I joined Gem 4 months ago as the Senior Director of Recruiting Operations—indeed, as its first Recruiting Ops hire. I came from HubSpot, where I’d built the Recruiting Ops team from scratch; and I was excited to grow an Ops team again with the lessons I’d learned the first time in hand. A lot falls under the purview of Talent Operations: process improvements, data de-siloing, programs, analytics and strategy, training and change management. But one of my first projects at Gem has been building out a v.1 of our recruiting capacity model, and I’d like to walk through how we’re doing it here for anyone who’s taking on an Ops role—whether formally or informally. It’s a project worth prioritizing, because the more accurate your capacity model, the more predictability you have around whether you can hit the hiring goals the business is asking of you. And that affects everything.
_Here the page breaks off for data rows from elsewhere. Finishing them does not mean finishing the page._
(* In generalized non-signalling theory (box world), let $A_1,A_2,B_1,\ldots,B_n$ be a composite system of boxes in which the boxes $B_1,\ldots,B_n$ are classical (each has exactly one possible input), while $A_1$ and $A_2$ may be non-classical. Then every measurement on this system is either a basic measurement or a probabilistic mixture of basic measurements.
   Context: Box world (GNST): a box is a system with a finite set of inputs (fiducial measurements) $x$ and a finite set of outputs $a$. A system of $n$ boxes has states $\mathbf{p}$ given by all collections of numbers $p(\mathbf{a}|\mathbf{x})=p(a_1,\ldots,a_n|x_1,\ldots,x_n)\ge 0$ (one for each tuple of outputs $\mathbf{a}$ and tuple of inputs $\mathbf{x}$) satisfying normalization $\sum_{\mathbf{a}}p(\mathbf{a}|\mathbf{x})=1$ for all $\mathbf{x}$ and the no-signalling conditions: for each $i$, $\sum_{a_i}p(a_1,\ldots,a_n|x_1,\ldots,x_i,\ldots,x_n)$ does not depend on $x_i$. Reduced states are obtained by summing out outputs. An effect is any linear map $\mu$ from the set of states to $[0,1]$; a vector $\mathbf{R}$ (indexed by pairs $(\mathbf{a},\mathbf{x})$) represents $\mu$ if $\mu(\mathbf{p})=\sum_{\mathbf{a},\mathbf{x}}p(\mathbf{a}|\mathbf{x})R(\mathbf{a}|\mathbf{x})$ for all states $\mathbf{p}$. A measurement is a finite set of pairs $(r,\mu_r)$ of outcomes and effects with $\sum_r\mu_r$ equal to the constant map $1$; every such set is an allowed measurement. A basic measurement is one performed as follows: choose a box and an input for it and observe its output; based on the outputs obtained so far, choose a not-yet-measured box and an input for it; repeat until all boxes are measured; then output $r(\mathbf{a})$, a deterministic function of the full output tuple $\mathbf{a}$. Its effect for outcome $\hat r$ is represented by the vector with $R(\mathbf{a}|\mathbf{x})=1$ if $r(\mathbf{a})=\hat r$ and $\mathbf{x}=\mathbf{x}(\mathbf{a})$ (the inputs used when outputs $\mathbf{a}$ occur), and $0$ otherwise. A measurement $\{(r,\mu_r)\}$ is a mixture of basic measurements if there are basic measurements $\{(r,\mu^{(j)}_r)\}$ and probabilities $q_j$ with $\mu_r=\sum_j q_j\mu^{(j)}_r$ for all $r$. *)

theory Defs
  imports Complex_Main "HOL-Library.FuncSet"
begin

text \<open>A system of m boxes, indexed 0..m-1. Box i has inputs {..<nx i} and outputs
 {..<na i}. Tuples of inputs/outputs are extensional functions on {..<m}.
 A state is a function p with p a x = p(a|x).\<close>

type_synonym tuple = "nat \<Rightarrow> nat"
type_synonym state = "tuple \<Rightarrow> tuple \<Rightarrow> real"

definition outs :: "nat \<Rightarrow> (nat \<Rightarrow> nat) \<Rightarrow> tuple set" where
  "outs m na = PiE {..<m} (\<lambda>i. {..<na i})"
(* Let $a=(p_a,Rd_a,Wt_a)\in\mathsf{Lab}$ and $\beta\in\mathsf{Lab}\uplus\underline{\mathsf{Lab}}$ with $\mathsf{und}(\beta)=(p_\beta,Rd_\beta,Wt_\beta)$, and assume $Wt_a\subseteq Rd_a$ and $Wt_\beta\subseteq Rd_\beta$. Suppose $A\to_{ann}^{a}A'$ and $A\to_{ann}^{\beta}A''$ with $a\;\iota_{lab}\;\beta$. Then there is an annotation DAG $A'''$ such that $A''\to_{ann}^{a}A'''$ and $\mathsf{diff}(A\to_{ann}^{a}A')=\mathsf{diff}(A''\to_{ann}^{a}A''')$.
   Context: Fix a set $\mathcal{R}$ of memory resources. Let $\mathsf{PID}=(\mathbb{N}_+)^*$ be the set of finite words over the positive integers, with $\preceq$ the prefix order. An annotation DAG is a triple $A=(V,E_R,E_W)$ such that: (1) $V\subseteq(\mathsf{PID}\times\mathbb{N})\cup\{\bot\}$ is finite, $\bot\in V$, and $(p,n)\in V$ implies $(p,n')\in V$ for all $n'\le n$; (2) $E_R,E_W\subseteq V\times\mathcal{R}\times V$, and $(v',r,v),(v'',r,v)\in E_R\cup E_W$ implies $v'=v''$; (3) $E_R\cap E_W=\varnothing$ and the directed graph $(V,E_R\cup E_W)$ is acyclic; (4) if $(v',r,v)\in E_W$ and $v'\neq\bot$ then $(v'',r,v')\in E_W$ for some $v''$; (5) $(v,r,v'),(v,r,v'')\in E_W$ implies $v'=v''$. For $r\in\mathcal{R}$, $\mathsf{last}(r,E_W)$ is $\bot$ if $E_W$ has no edge labelled $r$, and otherwise is the final node of the unique path from $\bot$ consisting of all $E_W$-edges labelled $r$. For $p\in\mathsf{PID}$, $\mathsf{max}_p(V)=\max\{n:(p,n)\in V\}$, or $-1$ if there is no such $n$. Let $\mathsf{Lab}=\mathsf{PID}\times2^{\mathcal{R}}\times2^{\mathcal{R}}$ and $\underline{\mathsf{Lab}}=\{\underline{a}:a\in\mathsf{Lab}\}$ a disjoint copy; $\mathsf{und}(a)=\mathsf{und}(\underline a)=a$. For $a=(p,Rd,Wt)\in\mathsf{Lab}$ and annotation DAGs $A_1=(V_1,E_{R1},E_{W1})$, $A_2=(V_2,E_{R2},E_{W2})$, write $A_1\to_{ann}^{a}A_2$ iff, with $v=(p,\mathsf{max}_p(V_1)+1)$ and $\mathsf{newedge}(r,E_W,v)=(\mathsf{last}(r,E_W),r,v)$: $V_2=V_1\cup\{v\}$, $E_{R2}=E_{R1}\cup\{\mathsf{newedge}(r,E_{W1},v): r\in Rd\setminus Wt\}$, $E_{W2}=E_{W1}\cup\{\mathsf{newedge}(r,E_{W1},v): r\in Wt\}$; and write $A_2\to_{ann}^{\underline a}A_1$ iff $A_1\to_{ann}^{a}A_2$. For $\alpha,\beta\in\mathsf{Lab}\uplus\underline{\mathsf{Lab}}$ with $\mathsf{und}(\alpha)=(p_1,Rd_1,Wt_1)$, $\mathsf{und}(\beta)=(p_2,Rd_2,Wt_2)$, define $\alpha\;\iota_{lab}\;\beta$ iff $p_1\not\preceq p_2$, $p_2\not\preceq p_1$, $Rd_1\cap Wt_2=\varnothing$ and $Rd_2\cap Wt_1=\varnothing$. For $o:(V,E_R,E_W)\to_{ann}^{\alpha}(V',E'_R,E'_W)$, $\mathsf{diff}(o)=(V'\setminus V,E'_R\setminus E_R,E'_W\setminus E_W)$ if $\alpha\in\mathsf{Lab}$ and $\mathsf{diff}(o)=(V\setminus V',E_R\setminus E'_R,E_W\setminus E'_W)$ if $\alpha\in\underline{\mathsf{Lab}}$. (In the paper, labels arise from basic blocks for which the set of written resources is contained in the set of read resources; this is recorded here as the hypothesis $Wt\subseteq Rd$.) *)

theory Defs
  imports Main "HOL-Library.Sublist"
begin

definition is_pid :: "nat list \<Rightarrow> bool" where
  "is_pid p \<longleftrightarrow> (\<forall>x\<in>set p. 0 < x)"

datatype node = Bot | Nd "nat list" nat

type_synonym 'r edge = "node \<times> 'r \<times> node"
type_synonym 'r ann = "node set \<times> 'r edge set \<times> 'r edge set"

definition edge_rel :: "'r edge set \<Rightarrow> (node \<times> node) set" where
  "edge_rel E = {(u, v). \<exists>r. (u, r, v) \<in> E}"

definition ann_dag :: "'r ann \<Rightarrow> bool" where
  "ann_dag A \<longleftrightarrow> (case A of (V, ER, EW) \<Rightarrow>
     finite V \<and> Bot \<in> V \<and>
     (\<forall>p n. Nd p n \<in> V \<longrightarrow> is_pid p \<and> (\<forall>n'\<le>n. Nd p n' \<in> V)) \<and>
     (\<forall>(u, r, v)\<in>ER \<union> EW. u \<in> V \<and> v \<in> V) \<and>
     (\<forall>v' v'' r v. (v', r, v) \<in> ER \<union> EW \<and> (v'', r, v) \<in> ER \<union> EW \<longrightarrow> v' = v'') \<and>
     ER \<inter> EW = {} \<and> acyclic (edge_rel (ER \<union> EW)) \<and>
     (\<forall>v' r v. (v', r, v) \<in> EW \<and> v' \<noteq> Bot \<longrightarrow> (\<exists>v''. (v'', r, v') \<in> EW)) \<and>
     (\<forall>v r v' v''. (v, r, v') \<in> EW \<and> (v, r, v'') \<in> EW \<longrightarrow> v' = v''))"

text \<open>last(r, E_W): final node of the unique path from Bot consisting of all
  E_W-edges labelled r (Bot if there are none).\<close>
definition last_node :: "'r \<Rightarrow> 'r edge set \<Rightarrow> node" where
  "last_node r EW = (if \<not> (\<exists>u v. (u, r, v) \<in> EW) then Bot
     else (THE v. \<exists>xs. xs \<noteq> [] \<and> hd xs = Bot \<and> last xs = v \<and>
        {(xs ! i, r, xs ! Suc i) | i. Suc i < length xs} = {e \<in> EW. fst (snd e) = r}))"

definition maxp :: "node set \<Rightarrow> nat list \<Rightarrow> int" where
  "maxp V p = (if \<exists>n. Nd p n \<in> V then int (Max {n. Nd p n \<in> V}) else -1)"

definition newedge :: "'r \<Rightarrow> 'r edge set \<Rightarrow> node \<Rightarrow> 'r edge" where
  "newedge r EW v = (last_node r EW, r, v)"

type_synonym 'r lab = "nat list \<times> 'r set \<times> 'r set"

definition ann_step :: "'r ann \<Rightarrow> 'r lab \<Rightarrow> 'r ann \<Rightarrow> bool" where
  "ann_step A1 a A2 \<longleftrightarrow> ann_dag A1 \<and> ann_dag A2 \<and>
     (case A1 of (V1, ER1, EW1) \<Rightarrow> case A2 of (V2, ER2, EW2) \<Rightarrow>
      case a of (p, Rd, Wt) \<Rightarrow>
        (let v = Nd p (nat (maxp V1 p + 1)) in
          V2 = V1 \<union> {v} \<and>
          ER2 = ER1 \<union> {newedge r EW1 v | r. r \<in> Rd - Wt} \<and>
          EW2 = EW1 \<union> {newedge r EW1 v | r. r \<in> Wt}))"

text \<open>Labels and underlined (backward) labels.\<close>
datatype 'r blab = Fw "'r lab" | Bw "'r lab"

fun und :: "'r blab \<Rightarrow> 'r lab" where
  "und (Fw a) = a" | "und (Bw a) = a"

fun ann_trans :: "'r ann \<Rightarrow> 'r blab \<Rightarrow> 'r ann \<Rightarrow> bool" where
  "ann_trans A (Fw a) A' = ann_step A a A'"
| "ann_trans A (Bw a) A' = ann_step A' a A"

definition iota_lab :: "'r blab \<Rightarrow> 'r blab \<Rightarrow> bool" where
  "iota_lab \<alpha> \<beta> \<longleftrightarrow> (case und \<alpha> of (p1, Rd1, Wt1) \<Rightarrow> case und \<beta> of (p2, Rd2, Wt2) \<Rightarrow>
     \<not> prefix p1 p2 \<and> \<not> prefix p2 p1 \<and> Rd1 \<inter> Wt2 = {} \<and> Rd2 \<inter> Wt1 = {})"

fun ann_diff :: "'r ann \<Rightarrow> 'r blab \<Rightarrow> 'r ann \<Rightarrow> 'r ann" where
  "ann_diff (V, ER, EW) (Fw a) (V', ER', EW') = (V' - V, ER' - ER, EW' - EW)"
| "ann_diff (V, ER, EW) (Bw a) (V', ER', EW') = (V - V', ER - ER', EW - EW')"

end

(*
  An a-step from an annotation DAG is determined by two pieces of data: the nodes of process p_a,
  which fix the new node, and, for every resource r read by a, the r-labelled write edges, which fix
  last(r, E_W) and hence the new edges. A step by a label independent of a touches neither: its node
  belongs to a process different from p_a, and it writes no resource read by a. So the a-step can be
  replayed after it and adds exactly the same node and edges. The replayed step is defined because
  every annotation step yields an annotation DAG: the new node is a fresh sink, and last(r, E_W) is
  the end of the path formed by the r-write edges.
*)

theory Submission
  imports Defs
begin

lemma ann_dagD:
  assumes "ann_dag (V, ER, EW)"
  shows ann_dag_finite: "finite V"
    and ann_dag_Bot: "Bot \<in> V"
    and ann_dag_pid: "Nd p n \<in> V \<Longrightarrow> is_pid p"
    and ann_dag_down_closed: "Nd p n \<in> V \<Longrightarrow> m \<le> n \<Longrightarrow> Nd p m \<in> V"
    and ann_dag_source: "(u, r, w) \<in> ER \<union> EW \<Longrightarrow> u \<in> V"
    and ann_dag_target: "(u, r, w) \<in> ER \<union> EW \<Longrightarrow> w \<in> V"
    and ann_dag_pred_unique: "(u, r, w) \<in> ER \<union> EW \<Longrightarrow> (u', r, w) \<in> ER \<union> EW \<Longrightarrow> u = u'"
    and ann_dag_disjoint: "ER \<inter> EW = {}"
    and ann_dag_acyclic: "acyclic (edge_rel (ER \<union> EW))"
    and ann_dag_write_pred: "(u, r, w) \<in> EW \<Longrightarrow> u \<noteq> Bot \<Longrightarrow> \<exists>x. (x, r, u) \<in> EW"
    and ann_dag_write_succ_unique: "(u, r, w) \<in> EW \<Longrightarrow> (u, r, w') \<in> EW \<Longrightarrow> w = w'"
  using assms unfolding ann_dag_def prod.case by blast+

definition edges_labelled :: "'r \<Rightarrow> 'r edge set \<Rightarrow> 'r edge set" where
  "edges_labelled r E = {e \<in> E. fst (snd e) = r}"

definition path_edges :: "'r \<Rightarrow> node list \<Rightarrow> 'r edge set" where
  "path_edges r xs = {(xs ! i, r, xs ! Suc i) | i. Suc i < length xs}"

lemma last_node_eq_THE:
  "last_node r E = (if edges_labelled r E = {} then Bot
     else (THE v. \<exists>xs. xs \<noteq> [] \<and> hd xs = Bot \<and> last xs = v \<and> path_edges r xs = edges_labelled r E))"
  unfolding last_node_def edges_labelled_def path_edges_def by force

lemma last_node_cong: "edges_labelled r E = edges_labelled r E' \<Longrightarrow> last_node r E = last_node r E'"
  by (simp add: last_node_eq_THE)

lemma path_edges_image: "path_edges r xs = (\<lambda>i. (xs ! i, r, xs ! Suc i)) ` {i. Suc i < length xs}"
  by (auto simp: path_edges_def)

lemma path_edges_empty_iff: "path_edges r xs = {} \<longleftrightarrow> length xs \<le> 1"
  unfolding path_edges_image by (auto dest: spec[of _ 0])

lemma path_edges_snoc:
  assumes "xs \<noteq> []" shows "path_edges r (xs @ [y]) = insert (last xs, r, y) (path_edges r xs)"
proof -
  have idx: "{i. Suc i < length (xs @ [y])} = insert (length xs - 1) {i. Suc i < length xs}"
    using assms by auto
  have "(xs @ [y]) ! (length xs - 1) = last xs" "(xs @ [y]) ! Suc (length xs - 1) = y"
    using assms by (simp_all add: nth_append last_conv_nth)
  moreover have "(\<lambda>i. ((xs @ [y]) ! i, r, (xs @ [y]) ! Suc i)) ` {i. Suc i < length xs} = path_edges r xs"
    by (auto simp: path_edges_image nth_append)
  ultimately show ?thesis
    unfolding path_edges_image[of r "xs @ [y]"] idx by (simp add: path_edges_image)
qed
The most ideal time for a recruiting organization to start thinking about a capacity model is as soon as possible. I say this because it’s nearly impossible to build a team without this data—or at least without a best guess at this data, which is where most capacity models begin out of necessity. I’ve seen teams try to fly the recruiting airplane without one, but what they end up spending on resources isn’t ultimately aligned with ideal output. Every time the business asks the recruiting team to move faster, the answer is: Well, recruiting needs more heads. But the reality is that the market is finite, and “more heads” isn’t always the most effective or economical response. Maybe it’s automation. Maybe it’s more thoughtful training or enablement. Maybe it’s investing in talent brand. So often there are other levers to pull than additional recruiting headcount. But without the data, it’s tough to know if you currently have the resources to meet the demand—let alone to strategize how to fill the gaps.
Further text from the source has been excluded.